Acrolein is a widely used intermediate of synthesis for value-added compounds in a number of domains of application. This work reports on the sustainable synthesis of acrolein by oxidative coupling of bio-alcohols, which constitutes a very promising alternative to fossil fuel-based production. The synthesis is performed in two sequential reactors, using an iron molybdate catalyst for oxidation and then a magnesium aluminate spinel where magnesium is partly or totally substituted by transition metals (Fe, Zn, Co, Cu, Mn) as a catalyst for cross-aldolization. The acid-base properties of the latter catalysts were determined using SO₂ and NH₃ adsorption microcalorimetry. Adsorption microcalorimetry was also used to study the adsorption properties of the reactants, with formaldehyde, acetaldehyde and propionaldehyde as probe molecules, and was complemented by a FT-IR investigation of reactant adsorption in order to better understand the mechanisms of adsorption and reaction. Acrolein production was found to be correlated to the ionic radius of the transition metals used in the catalysts, indicating that electronic effects are likely a factor influencing the acrolein production.

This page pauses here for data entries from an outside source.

lemma amenable_Int_atLeastAtMost:
  assumes "\<forall>n\<ge>m. n \<in> S" "2 * conductor S \<le> m + 1"
    and "J \<subseteq> {m..}" "m \<in> J" "down_closed S m J"
    and "1 \<le> r" "r \<le> card (J \<inter> {m..<N})"
  obtains K where "m \<le> K" "amenable S m r (J \<inter> {m..K})"
proof -
  define f where "f K = int (card (J \<inter> {m..K}))" for K
  have "\<bar>f (Suc K) - f K\<bar> \<le> 1" for K
  proof -
    have "card (J \<inter> {m..K}) \<le> card (J \<inter> {m..Suc K})"
      by (rule card_mono) auto
    moreover have "card (J \<inter> {m..Suc K}) \<le> card (insert (Suc K) (J \<inter> {m..K}))"
      by (rule card_mono) auto
    ultimately show ?thesis
      unfolding f_def by (simp add: card_insert_if split: if_splits)
  qed
  moreover have "f m = 1"
    using \<open>m \<in> J\<close> unfolding f_def by (simp add: Int_insert_left)
  moreover have "card (J \<inter> {m..<N}) \<le> card (J \<inter> {m..N})"
    by (rule card_mono) auto
  then have "int r \<le> f N"
    using assms(7) unfolding f_def by simp
  moreover have "m \<le> N"
    using assms(6,7) by (cases "m \<le> N") auto
  ultimately obtain K where "m \<le> K" "f K = int r"
    using nat_intermed_int_val[of m N f "int r"] assms(6) by auto
  moreover have "down_closed S m (J \<inter> {m..K})"
    using assms(5) by (rule down_closed_Int_atMost)
  ultimately show ?thesis
    using that assms(1-4) by (auto simp: amenable_iff_down_closed f_def)
qed

lemma card_shadow_eq_card_layer_0: "card (shadow a b m X) = card (layer m (a + b) X 0)"
proof -
  have "shadow a b m X = (+) m ` layer m (a + b) X 0"
  proof (intro set_eqI iffI)
    fix y assume "y \<in> shadow a b m X"
    then show "y \<in> (+) m ` layer m (a + b) X 0"
      unfolding shadow_def layer_def by (intro image_eqI[of _ _ "y - m"]) auto
  qed (auto simp: shadow_def layer_def)
  then show ?thesis by (simp add: card_image)
qed

text \<open>The extremal closed set: all of \<open>[m, \<infinity>)\<close> if the shadow of \<open>M\<close> is full, the staircase otherwise.\<close>

lemma obtain_down_closed_with_interval_shadow:
  fixes a b m r :: nat and M :: "nat set"
  defines "S \<equiv> gen_semigroup {a..a+b}"
  assumes "0 < b" "\<forall>n\<ge>m. n \<in> S" "amenable S m r M"
  obtains J N where "J \<subseteq> {m..}" "m \<in> J" "down_closed S m J"
    "shadow a b m J = {m..<m + card (shadow a b m M)}" "r \<le> card (J \<inter> {m..<N})"
proof -
  define t where "t = card (shadow a b m M)"
  from assms(3,4) have "finite M" "card M = r" "m \<in> M" "M \<subseteq> {m..}" "down_closed S m M"
    by (auto simp: amenable_iff_down_closed)
  have "t \<le> a + b"
    unfolding t_def shadow_def using card_mono[of "{m..<m+a+b}" "M \<inter> {m..<m+a+b}"] by auto
  show thesis
  proof (cases "t = a + b")
    case True
    have "down_closed S m {m..}" unfolding down_closed_def by auto
    moreover have "shadow a b m {m..} = {m..<m + t}" using True by (auto simp: shadow_def)
    moreover have "{m..} \<inter> {m..<m + r} = {m..<m + r}" by auto
    ultimately show thesis
      using that[of "{m..}" "m + r"] unfolding t_def by simp
  next
    case False
    with \<open>t \<le> a + b\<close> have "t < a + b" by simp
    have "m \<in> shadow a b m M" using \<open>m \<in> M\<close> assms(2) by (simp add: shadow_def)
    then have "0 < t" unfolding t_def shadow_def by (auto simp: card_gt_0_iff)
    then have "m \<in> staircase a b m t" by (simp add: staircase_def block_weight_def)
    define Q where "Q = Suc (Max M)"
    have "M \<subseteq> {m..<m + Q * (a + b)}"
    proof
      fix x assume "x \<in> M"
      then have "x < Q" using \<open>finite M\<close> unfolding Q_def by (simp add: le_imp_less_Suc)
      also have "Q \<le> Q * (a + b)" using assms(2) by simp
      finally show "x \<in> {m..<m + Q * (a + b)}" using \<open>x \<in> M\<close> \<open>M \<subseteq> {m..}\<close> by auto
    qed
    then have "r = card (M \<inter> {m..<m + Q * (a + b)})"
      using \<open>card M = r\<close> by (simp add: Int_absorb2)
    also have "\<dots> \<le> card (staircase a b m t \<inter> {m..<m + Q * (a + b)})"
      using generator_closed.card_Int_blocks_le_staircase[of a b m M Q]
        down_closed_imp_generator_closed \<open>down_closed S m M\<close> \<open>t < a + b\<close>
      unfolding S_def t_def card_shadow_eq_card_layer_0 by blast
    finally show thesis
      using that[of "staircase a b m t"] \<open>m \<in> staircase a b m t\<close> \<open>t < a + b\<close>
        down_closed_staircase[of a b m t] shadow_staircase[of t a b m]
      unfolding S_def t_def by (auto simp: staircase_def)
  qed
qed

theorem proposition4p26:
  fixes a b m r :: nat and M :: "nat set"
  assumes "0 < b" and "b < a"
    and "2 * conductor (interval_semigroup a b) \<le> m + 1"
    and "amenable (interval_semigroup a b) m r M"
  shows "\<exists>T. amenable (interval_semigroup a b) m r T \<and>
             (\<exists>k. m \<le> k \<and> shadow a b m T = {m..k}) \<and>
             card (shadow a b m T) \<le> card (shadow a b m M)"
proof -
  let ?S = "interval_semigroup a b" and ?t = "card (shadow a b m M)"
  have "0 < a" using assms(1,2) by simp
  have "conductor ?S \<le> m" using assms(3) by linarith
  then have S_ge: "\<forall>n\<ge>m. n \<in> ?S"
    by (blast intro: in_interval_semigroup_if_conductor_le[OF \<open>0 < a\<close> assms(1)] le_trans)
  obtain J N where J: "J \<subseteq> {m..}" "m \<in> J" "down_closed ?S m J"
      "shadow a b m J = {m..<m + ?t}" "r \<le> card (J \<inter> {m..<N})"
    using obtain_down_closed_with_interval_shadow[where a = a and b = b, folded interval_semigroup_def,
        OF assms(1) S_ge assms(4)] by blast
  have "finite M" "card M = r" "m \<in> M" using assms(4) by (simp_all add: amenable_def)
  then have "1 \<le> r" by (auto simp: Suc_le_eq card_gt_0_iff)
  then obtain K where "m \<le> K" and T: "amenable ?S m r (J \<inter> {m..K})"
    using amenable_Int_atLeastAtMost[OF S_ge assms(3) J(1-3)] J(5) by blast
  have "m \<in> shadow a b m J" using J(2) assms(1) by (simp add: shadow_def)
  then have "0 < ?t" using J(4) by simp
  have "shadow a b m (J \<inter> {m..K}) = {m..<m + ?t} \<inter> {m..K}"
    using J(4) by (auto simp: shadow_def)
  also have "\<dots> = {m..min K (m + ?t - 1)}"
    using \<open>0 < ?t\<close> by (auto simp: set_eq_iff)
  finally have "shadow a b m (J \<inter> {m..K}) = {m..min K (m + ?t - 1)}" .
  moreover have "card {m..min K (m + ?t - 1)} \<le> ?t" using \<open>0 < ?t\<close> by (simp add: min_def) arith
  moreover have "m \<le> min K (m + ?t - 1)" using \<open>m \<le> K\<close> \<open>0 < ?t\<close> by simp
  ultimately show ?thesis using T by (intro exI[of _ "J \<inter> {m..K}"]) auto
qed

end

丙烯醛是在许多应用领域中用于增值化合物的合成的广泛使用的中间体。这项工作报告了通过生物醇的氧化偶联可持续合成丙烯醛的方法，这是基于化石燃料的生产的非常有希望的替代方法。合成在两个连续的反应器中进行，使用钼酸铁催化剂进行氧化，然后使用铝酸镁尖晶石，其中镁部分或全部被过渡金属（Fe，Zn，Co，Cu，Mn）取代，作为交叉铝醛化的催化剂。使用SO ₂和NH ₃确定了后一种催化剂的酸碱性质吸附量热法。吸附微量量热法还用于研究反应物的吸附性能，以甲醛，乙醛和丙醛为探针分子，并辅以FT-IR研究反应物的吸附，以更好地了解吸附和反应的机理。发现丙烯醛的产生与催化剂中使用的过渡金属的离子半径相关，表明电子效应可能是影响丙烯醛产生的因素。